Scott Beers watches eyes. Specifically, he watches where children are looking when they write. He has machines that track eye movements, key strokes, and how they move their hands when penning an essay. “What I’m trying to do also is look at reading behaviors during writing tasks,” Beers explains. “I’m trying to take a look at how students interact with their own text as they’re developing it.”

All Beers’ writing observation is meant to make students not only better writers, but also better readers.

Beers, Seattle Pacific University associate professor of curriculum and instruction and chair of the master of education in literacy program, is working on one piece of a massive research effort to help older kids struggling with writing and reading.

In 2011, the National Institute of Child Health and Human Development awarded an $8.1 million grant to a joint project proposed by faculty at SPU and the University of Washington to create curriculum for students in grades 4 to 9 with reading disabilities or challenges. Researchers representing disciplines from literacy and psychology to genetics and brain function are combining forces to look at how to best help slightly older kids who struggle to read.

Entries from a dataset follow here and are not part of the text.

lemma kLs_div_sqrt_tendsto_om_zero:
  assumes "a < b" "t \<in> {a..b}" "lf u (\<gamma> t) \<noteq> 0" "u differentiable (at (\<gamma> t))"
    and w: "((\<lambda>s. om (\<gamma> s) (vel \<gamma> a b s)) has_vector_derivative w) (at t within {a..b})"
    and om_0: "om (\<gamma> t) (vel \<gamma> a b t) = 0" and "vel \<gamma> a b t \<noteq> 0"
    and tangent: "frechet_derivative u (at (\<gamma> t)) (vel \<gamma> a b t) = 0"
  defines "a1 \<equiv> om1 (\<gamma> t) (vel \<gamma> a b t)" and "a2 \<equiv> om2 (\<gamma> t) (vel \<gamma> a b t)"
  shows "((\<lambda>L. kLs L u \<gamma> a b t / sqrt L) \<longlongrightarrow>
      (pbar u (\<gamma> t) * a2 - qbar u (\<gamma> t) * a1) * w
        / \<bar>qbar u (\<gamma> t) * a1 - pbar u (\<gamma> t) * a2\<bar> ^ 3) at_top"
proof -
  define pb qb where "pb = pbar u (\<gamma> t)" and "qb = qbar u (\<gamma> t)"
  define d1 where "d1 = vector_derivative (\<lambda>s. om1 (\<gamma> s) (vel \<gamma> a b s)) (at t within {a..b})"
  define d2 where "d2 = vector_derivative (\<lambda>s. om2 (\<gamma> s) (vel \<gamma> a b s)) (at t within {a..b})"
  define v :: "real ^ 3" where "v = vector [a1, a2, 0]"
  define V :: "real \<Rightarrow> real ^ 3"
    where "V L = vector [d1 * (1 / sqrt L), d2 * (1 / sqrt L), w - a1 * a2 * (1 / sqrt L)\<^sup>2]" for L
  have rescaled: "kLs L u \<gamma> a b t / sqrt L = normal_coords L u (\<gamma> t) \<bullet> (v \<times> V L) / norm v ^ 3"
    if "L > 0" for L
  proof -
    have "vector [d1, d2, sqrt L * w - a1 * a2 / sqrt L] = sqrt L *\<^sub>R V L"
      using that by (simp add: V_def vec_eq_iff forall_3 field_simps power2_eq_square)
    then show ?thesis
      using kLs_eq_frame_components[OF that assms(1-3) w] om_0 that
      by (simp add: v_def a1_def a2_def d1_def d2_def cross_mult_right)
  qed
  have ev: "\<forall>\<^sub>F L in at_top.
      normal_coords L u (\<gamma> t) \<bullet> (v \<times> V L) / norm v ^ 3 = kLs L u \<gamma> a b t / sqrt L"
    using eventually_gt_at_top[of "0::real"] by (rule eventually_mono) (simp add: rescaled)
  have "v \<noteq> 0"
    using coframe_eq_0_imp_eq_0 assms(7) om_0 by (auto simp: v_def a1_def a2_def vec_eq_iff forall_3)
  then have lim: "((\<lambda>L. normal_coords L u (\<gamma> t) \<bullet> (v \<times> V L) / norm v ^ 3)
      \<longlongrightarrow> vector [pb, qb, 0] \<bullet> (v \<times> vector [d1 * 0, d2 * 0, w - a1 * a2 * 0\<^sup>2]) / norm v ^ 3) at_top"
    unfolding V_def pb_def qb_def
    by (intro tendsto_triple_product_over_cube tendsto_normal_coords[OF assms(4,3)]
        tendsto_vector3 tendsto_intros tendsto_inverse_sqrt_at_top)
  have "norm v = \<bar>qb * a1 - pb * a2\<bar>"
  proof -
    have "pb * a1 + qb * a2 = 0"
      using frechet_derivative_frame_expansion[OF assms(4), of "vel \<gamma> a b t"] tangent om_0 assms(3)
      by (simp add: pb_def qb_def pbar_def qbar_def a1_def a2_def field_simps)
    then have "a1\<^sup>2 + a2\<^sup>2 = ((pb)\<^sup>2 + (qb)\<^sup>2) * (a1\<^sup>2 + a2\<^sup>2) - (pb * a1 + qb * a2)\<^sup>2"
      using pbar_qbar_sq[OF assms(3)] by (simp add: pb_def qb_def)
    also have "\<dots> = (qb * a1 - pb * a2)\<^sup>2"
      by (simp add: power2_eq_square algebra_simps)
    finally show ?thesis
      by (simp add: v_def norm_vector_3)
  qed
  then have limit_eq: "vector [pb, qb, 0] \<bullet> (v \<times> vector [d1 * 0, d2 * 0, w - a1 * a2 * 0\<^sup>2]) / norm v ^ 3
      = (pb * a2 - qb * a1) * w / \<bar>qb * a1 - pb * a2\<bar> ^ 3"
    by (simp add: v_def cross3_def inner_vec_def sum_3 algebra_simps)
  show ?thesis
    using Lim_transform_eventually[OF lim ev] limit_eq by (simp add: pb_def qb_def)
qed

theorem lemma6p2:
  fixes u :: "real ^ 3 \<Rightarrow> real" and \<gamma> :: "real \<Rightarrow> real ^ 3" and a b t :: real
  assumes u_C2: "C2_fun u"
    and compact_surf: "compact {x. u x = 0}"
    and grad_nz: "\<And>x. u x = 0 \<Longrightarrow> egrad u x \<noteq> 0"
    and ab: "a < b"
    and gamma_C2: "C2_curve \<gamma> a b"
    and gamma_reg: "\<And>s. s \<in> {a..b} \<Longrightarrow> vel \<gamma> a b s \<noteq> 0"
    and gamma_on: "\<And>s. s \<in> {a..b} \<Longrightarrow> u (\<gamma> s) = 0"
    and t_in: "t \<in> {a..b}"
    and noncharact: "lf u (\<gamma> t) \<noteq> 0"
  defines "B \<equiv> - exp (- (\<gamma> t)$3) * (vel \<gamma> a b t)$1 + exp ((\<gamma> t)$3) * (vel \<gamma> a b t)$2"
    and "W \<equiv> \<lambda>s. - (sqrt 2 / 2) * (exp (- (\<gamma> s)$3) * (vel \<gamma> a b s)$1
                                   + exp ((\<gamma> s)$3) * (vel \<gamma> a b s)$2)"
    and "W' \<equiv> vector_derivative (\<lambda>s. - (sqrt 2 / 2) * (exp (- (\<gamma> s)$3) * (vel \<gamma> a b s)$1
                                   + exp ((\<gamma> s)$3) * (vel \<gamma> a b s)$2)) (at t within {a..b})"
    and "pb \<equiv> pbar u (\<gamma> t)" and "qb \<equiv> qbar u (\<gamma> t)"
  shows
    "(W t \<noteq> 0 \<longrightarrow>
        ((\<lambda>L. kLs L u \<gamma> a b t) \<longlongrightarrow>
           (pb * (vel \<gamma> a b t)$3 + (sqrt 2 / 2) * qb * B) / \<bar>W t\<bar>) at_top)
     \<and> (W t = 0 \<and> W' = 0 \<longrightarrow> ((\<lambda>L. kLs L u \<gamma> a b t) \<longlongrightarrow> 0) at_top)
     \<and> (W t = 0 \<and> W' \<noteq> 0 \<longrightarrow>
        ((\<lambda>L. kLs L u \<gamma> a b t / sqrt L) \<longlongrightarrow>
           ((- qb * (vel \<gamma> a b t)$3 + (sqrt 2 / 2) * pb * B) * W')
             / \<bar>qb * (vel \<gamma> a b t)$3 - (sqrt 2 / 2) * pb * B\<bar> ^ 3) at_top)"
proof -
  have u_diff: "u differentiable (at (\<gamma> t))"
    using u_C2 by (simp add: C2_fun_def)
  have sqrt_2_div_2: "sqrt 2 / 2 = 1 / sqrt (2 :: real)"
    by (simp add: field_simps)
  have W_om: "W = (\<lambda>s. om (\<gamma> s) (vel \<gamma> a b s))"
    by (simp add: W_def om_def fun_eq_iff sqrt_2_div_2)
  have W_deriv: "((\<lambda>s. om (\<gamma> s) (vel \<gamma> a b s)) has_vector_derivative W') (at t within {a..b})"
    using C2_curve_om_vel_differentiable[OF gamma_C2 ab t_in]
    unfolding W'_def W_def[symmetric] W_om by (simp add: vector_derivative_works)
  have tangent: "frechet_derivative u (at (\<gamma> t)) (vel \<gamma> a b t) = 0"
    using frechet_derivative_vel_eq_0[OF C2_curve_differentiable[OF gamma_C2 t_in] ab t_in u_diff]
      gamma_on by blast
  have coords: "om1 (\<gamma> t) (vel \<gamma> a b t) = vel \<gamma> a b t $ 3"
      "om2 (\<gamma> t) (vel \<gamma> a b t) = sqrt 2 / 2 * B"
    by (simp_all add: om1_def om2_def B_def sqrt_2_div_2)
  show ?thesis
    using kLs_tendsto_om_nonzero[OF ab t_in noncharact u_diff W_deriv]
      kLs_tendsto_zero_om_deriv_zero[OF ab t_in noncharact u_diff _ _ gamma_reg[OF t_in]]
      kLs_div_sqrt_tendsto_om_zero[OF ab t_in noncharact u_diff W_deriv _ gamma_reg[OF t_in] tangent]
      W_deriv
    unfolding W_om coords pb_def[symmetric] qb_def[symmetric]
    by (auto simp: ac_simps)
qed

end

Teachers can identify students with reading problems “beginning in kindergarten or first grade and know what to do to help them,” says Virginia Berninger, professor of educational psychology at UW and the project director. The problem, she says, is that there are fewer resources for older kids.

Berninger has been working with Seattle Pacific Professor of Education William Nagy for more than a decade and turned to him for help. For this project, Nagy created tests for students coming to Beers for evaluation.

Nagy says one reason struggling readers can still have problems in later elementary and middle school is that the words they are expected to know change dramatically. They become long and consist of multiple parts.

“A word like sleeplessness, looks like it’s 13 letters, and that’s an awfully long word,” Nagy says by way of example. “It’s a very rare word and it’s a very long word, but it’s not a very hard word if you see the parts.”

But some kids can’t see the parts. Nagy wants to give aid to teachers unsure how to help kids who are fighting with those big and unfamiliar words.

Ultimately, instruction is the project’s goal. “At a national level, there’s a great deal of confusion about how to define specific learning disabilities,” Berninger explains. Through this grant and the collaboration between the universities, she hopes to better understand those disabilities and then create “free and appropriate curriculum for all of them.”